(* Let $\mu,\tau$ be partitions of $s$. There is a bijection between the set of terminal vertices of the tree $\mathscr T(\mu)$ labelled by $(\tau,\tau)$ and the set $\mathrm{SStd}_s(\tau,\mu)$ of semistandard Young tableaux of shape $\tau$ and weight $\mu$.
   Context: A pair of partitions for $s$ is $(\tau^\sharp,\tau)$ with $\tau$ a composition of $s$ and $\tau^\sharp$ a partition with $\tau^\sharp_c\le\tau_c$ for all $c$. For such a pair and $c>1$: $r^m_c(\tau)$ is the composition obtained from $\tau$ by moving the last $m$ boxes of row $c$ to the end of row $c-1$; $a_c(\tau^\sharp)$ is obtained by adding one box at the end of row $c$ of $\tau^\sharp$ if the result is a partition, and otherwise the pair $(a_c(\tau^\sharp),\tau)$ is replaced by the symbol $(\varnothing,\varnothing)$. The rooted tree $\mathscr T(\mu)$ (for $\mu\vdash s$) has vertices labelled by pairs of partitions; labels $(\tau^\sharp,\tau)$ and $(\eta^\sharp,\tau)$ with $\tau^\sharp,\eta^\sharp$ differing only in the first row are identified, and one writes labels with $\tau^\sharp_1=\tau_1$. The root is labelled $((\mu_1),\mu)$. For a vertex labelled $(\tau^\sharp,\tau)\neq(\varnothing,\varnothing)$, if there is a minimal $1<c\le\ell(\mu)$ with $\tau^\sharp_c<\tau_c$ then the vertex has exactly two children, labelled $(\tau^\sharp,r^{\tau_c-\tau^\sharp_c}_c(\tau))$ and $(a_c(\tau^\sharp),\tau)$; otherwise ($\tau^\sharp=\tau$) the vertex is terminal. Vertices labelled $(\varnothing,\varnothing)$ are also leaves but are not counted as terminal vertices. A semistandard Young tableau of shape $\tau$ and weight $\mu$ is a filling of the Young diagram of $\tau$ with $\mu_1$ ones, $\mu_2$ twos, etc., weakly increasing along rows and strictly increasing down columns. *)

theory Defs
  imports Main
begin

text \<open>Rows are indexed from 1. Compositions / partitions occurring inside tree labels are
represented as functions nat \<Rightarrow> nat (row c \<mapsto> length of row c), zero at index 0 and
beyond the last row.\<close>

definition is_partition_of :: "nat \<Rightarrow> nat list \<Rightarrow> bool" where
  "is_partition_of s lam \<longleftrightarrow> sorted_wrt (\<ge>) lam \<and> (\<forall>x\<in>set lam. 0 < x) \<and> sum_list lam = s"

definition pad :: "nat list \<Rightarrow> nat \<Rightarrow> nat" where
  "pad lam i = (if 1 \<le> i \<and> i \<le> length lam then lam ! (i - 1) else 0)"

definition is_part_fun :: "(nat \<Rightarrow> nat) \<Rightarrow> bool" where
  "is_part_fun f \<longleftrightarrow> (\<forall>i\<ge>1. f (Suc i) \<le> f i)"

definition rmove :: "nat \<Rightarrow> nat \<Rightarrow> (nat \<Rightarrow> nat) \<Rightarrow> (nat \<Rightarrow> nat)" where
  "rmove c m t = t(c := t c - m, c - 1 := t (c - 1) + m)"

text \<open>Labels: None is the symbol (\<emptyset>,\<emptyset>); Some (\<tau>#, \<tau>) otherwise. Labels are kept in the
normal form \<tau>#_1 = \<tau>_1 (identification of labels differing only in the first row of \<tau>#).\<close>
type_synonym label = "((nat \<Rightarrow> nat) \<times> (nat \<Rightarrow> nat)) option"

definition normalize :: "(nat \<Rightarrow> nat) \<Rightarrow> (nat \<Rightarrow> nat) \<Rightarrow> label" where
  "normalize sh t = Some (sh(1 := t 1), t)"

definition root_label :: "nat list \<Rightarrow> label" where
  "root_label mu = normalize (pad (take 1 mu)) (pad mu)"

definition has_c :: "nat list \<Rightarrow> (nat \<Rightarrow> nat) \<Rightarrow> (nat \<Rightarrow> nat) \<Rightarrow> bool" where
  "has_c mu sh t \<longleftrightarrow> (\<exists>c. 1 < c \<and> c \<le> length mu \<and> sh c < t c)"

definition min_c :: "nat list \<Rightarrow> (nat \<Rightarrow> nat) \<Rightarrow> (nat \<Rightarrow> nat) \<Rightarrow> nat" where
  "min_c mu sh t = (LEAST c. 1 < c \<and> c \<le> length mu \<and> sh c < t c)"

text \<open>Child of a vertex: False = first child (\<tau>#, r_c^{\<tau>_c-\<tau>#_c}(\<tau>)),
True = second child (a_c(\<tau>#), \<tau>) or (\<emptyset>,\<emptyset>).\<close>
definition child :: "nat list \<Rightarrow> label \<Rightarrow> bool \<Rightarrow> label" where
  "child mu L b = (case L of None \<Rightarrow> None | Some (sh, t) \<Rightarrow>
     (let c = min_c mu sh t in
      if \<not> b then normalize sh (rmove c (t c - sh c) t)
      else (let sh' = sh(c := sh c + 1) in
            if is_part_fun sh' then normalize sh' t else None)))"

text \<open>Vertices of \<T>(\<mu>) are addressed by their paths from the root.\<close>
definition tree_label :: "nat list \<Rightarrow> bool list \<Rightarrow> label" where
  "tree_label mu p = foldl (child mu) (root_label mu) p"

definition internal_label :: "nat list \<Rightarrow> label \<Rightarrow> bool" where
  "internal_label mu L \<longleftrightarrow> (case L of None \<Rightarrow> False | Some (sh, t) \<Rightarrow> has_c mu sh t)"

definition tree_vertices :: "nat list \<Rightarrow> bool list set" where
  "tree_vertices mu = {p. \<forall>k < length p. internal_label mu (tree_label mu (take k p))}"

definition terminal_vertices :: "nat list \<Rightarrow> bool list set" where
  "terminal_vertices mu = {p \<in> tree_vertices mu. tree_label mu p \<noteq> None \<and>
                                  \<not> internal_label mu (tree_label mu p)}"

definition terminal_vertices_labelled :: "nat list \<Rightarrow> nat list \<Rightarrow> bool list set" where
  "terminal_vertices_labelled mu tau =
     {p \<in> terminal_vertices mu. tree_label mu p = Some (pad tau, pad tau)}"

text \<open>Semistandard Young tableaux (cells (i,j), row i \<ge> 1, column j \<ge> 1), as fillings
that are 0 outside the diagram.\<close>
definition cells :: "nat list \<Rightarrow> (nat \<times> nat) set" where
  "cells tau = {(i, j). 1 \<le> i \<and> i \<le> length tau \<and> 1 \<le> j \<and> j \<le> tau ! (i - 1)}"

definition SStd :: "nat list \<Rightarrow> nat list \<Rightarrow> (nat \<Rightarrow> nat \<Rightarrow> nat) set" where
  "SStd tau mu = {T.
     (\<forall>i j. (i, j) \<notin> cells tau \<longrightarrow> T i j = 0) \<and>
     (\<forall>(i, j) \<in> cells tau. 1 \<le> T i j) \<and>
     (\<forall>k\<ge>1. card {(i, j) \<in> cells tau. T i j = k} = pad mu k) \<and>
     (\<forall>i j. (i, j) \<in> cells tau \<and> (i, Suc j) \<in> cells tau \<longrightarrow> T i j \<le> T i (Suc j)) \<and>
     (\<forall>i j. (i, j) \<in> cells tau \<and> (Suc i, j) \<in> cells tau \<longrightarrow> T i j < T (Suc i) j)}"

end

theory Submission
  imports Defs
begin

text \<open>
  Both sets are counted by chains of horizontal strips. Recording, for each \<open>k\<close>, the shape of
  the entries \<open>\<le> k\<close> turns a semistandard tableau of shape \<open>\<tau>\<close> and weight \<open>\<mu>\<close> into a chain
  \<open>(\<mu>_1) = \<lambda>\<^sup>1 \<subseteq> \<lambda>\<^sup>2 \<subseteq> \<dots> \<subseteq> \<lambda>\<^sup>\<ell> = \<tau>\<close> in which \<open>\<lambda>\<^sup>k\<close> arises from \<open>\<lambda>\<^sup>k\<^sup>-\<^sup>1\<close> by a horizontal strip of
  \<open>\<mu>_k\<close> boxes in the rows \<open>\<le> k\<close>, and conversely.

  A label \<open>(\<tau>#, \<tau>')\<close> of the tree stands for the chains of strips starting at \<open>\<tau>#\<close> whose \<open>k\<close>-th
  strip has \<open>\<tau>'_k - \<tau>#_k\<close> boxes; at the root these are the chains above. For the minimal row \<open>c\<close>
  with \<open>\<tau>#_c < \<tau>'_c\<close>, such a chain either adds a box to row \<open>c\<close> in its \<open>c\<close>-th strip, and these
  are the chains of the child \<open>(a_c(\<tau>#), \<tau>')\<close>, or its \<open>c\<close>-th strip avoids row \<open>c\<close>, hence lies in the
  rows above, and these are the chains of the child \<open>(\<tau>#, r_c(\<tau>'))\<close>. At a terminal vertex
  \<open>\<tau># = \<tau>'\<close>, and the single remaining chain ends in \<open>\<tau>\<close> iff the label is \<open>(\<tau>, \<tau>)\<close>. So the terminal
  vertices labelled \<open>(\<tau>, \<tau>)\<close> and the tableaux form finite sets of the same size.
\<close>

lemma sum_fun_upd_add:
  fixes f :: "'a \<Rightarrow> 'b::comm_monoid_add"
  assumes "finite A" "a \<in> A"
  shows "sum (f(a := x)) A + f a = sum f A + x"
proof -
  have "sum (f(a := x)) (A - {a}) = sum f (A - {a})" by (rule sum.cong) auto
  then show ?thesis using assms by (simp add: sum.remove add_ac)
qed

lemma sum_diff_fun_upd_Suc:
  fixes v v' :: "nat \<Rightarrow> nat"
  assumes "finite A" "c \<in> A" "v c < v' c"
  shows "(\<Sum>i\<in>A. v' i - (v(c := v c + 1)) i) + 1 = (\<Sum>i\<in>A. v' i - v i)"
proof -
  have "(\<Sum>i\<in>A - {c}. v' i - (v(c := v c + 1)) i) = (\<Sum>i\<in>A - {c}. v' i - v i)"
    by (rule sum.cong) auto
  then show ?thesis using assms by (simp add: sum.remove)
qed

— TASK OBJECTIVE —
In the data above, each line holding "otherwise" is to be found and copied.

— RESPONSE BOX —
   Context: A pair of partitions for $s$ is $(\tau^\sharp,\tau)$ with $\tau$ a composition of $s$ and $\tau^\sharp$ a partition with $\tau^\sharp_c\le\tau_c$ for all $c$. For such a pair and $c>1$: $r^m_c(\tau)$ is the composition obtained from $\tau$ by moving the last $m$ boxes of row $c$ to the end of row $c-1$; $a_c(\tau^\sharp)$ is obtained by adding one box at the end of row $c$ of $\tau^\sharp$ if the result is a partition, and otherwise the pair $(a_c(\tau^\sharp),\tau)$ is replaced by the symbol $(\varnothing,\varnothing)$. The rooted tree $\mathscr T(\mu)$ (for $\mu\vdash s$) has vertices labelled by pairs of partitions; labels $(\tau^\sharp,\tau)$ and $(\eta^\sharp,\tau)$ with $\tau^\sharp,\eta^\sharp$ differing only in the first row are identified, and one writes labels with $\tau^\sharp_1=\tau_1$. The root is labelled $((\mu_1),\mu)$. For a vertex labelled $(\tau^\sharp,\tau)\neq(\varnothing,\varnothing)$, if there is a minimal $1<c\le\ell(\mu)$ with $\tau^\sharp_c<\tau_c$ then the vertex has exactly two children, labelled $(\tau^\sharp,r^{\tau_c-\tau^\sharp_c}_c(\tau))$ and $(a_c(\tau^\sharp),\tau)$; otherwise ($\tau^\sharp=\tau$) the vertex is terminal. Vertices labelled $(\varnothing,\varnothing)$ are also leaves but are not counted as terminal vertices. A semistandard Young tableau of shape $\tau$ and weight $\mu$ is a filling of the Young diagram of $\tau$ with $\mu_1$ ones, $\mu_2$ twos, etc., weakly increasing along rows and strictly increasing down columns. *)
text \<open>Labels: None is the symbol (\<emptyset>,\<emptyset>); Some (\<tau>#, \<tau>) otherwise. Labels are kept in the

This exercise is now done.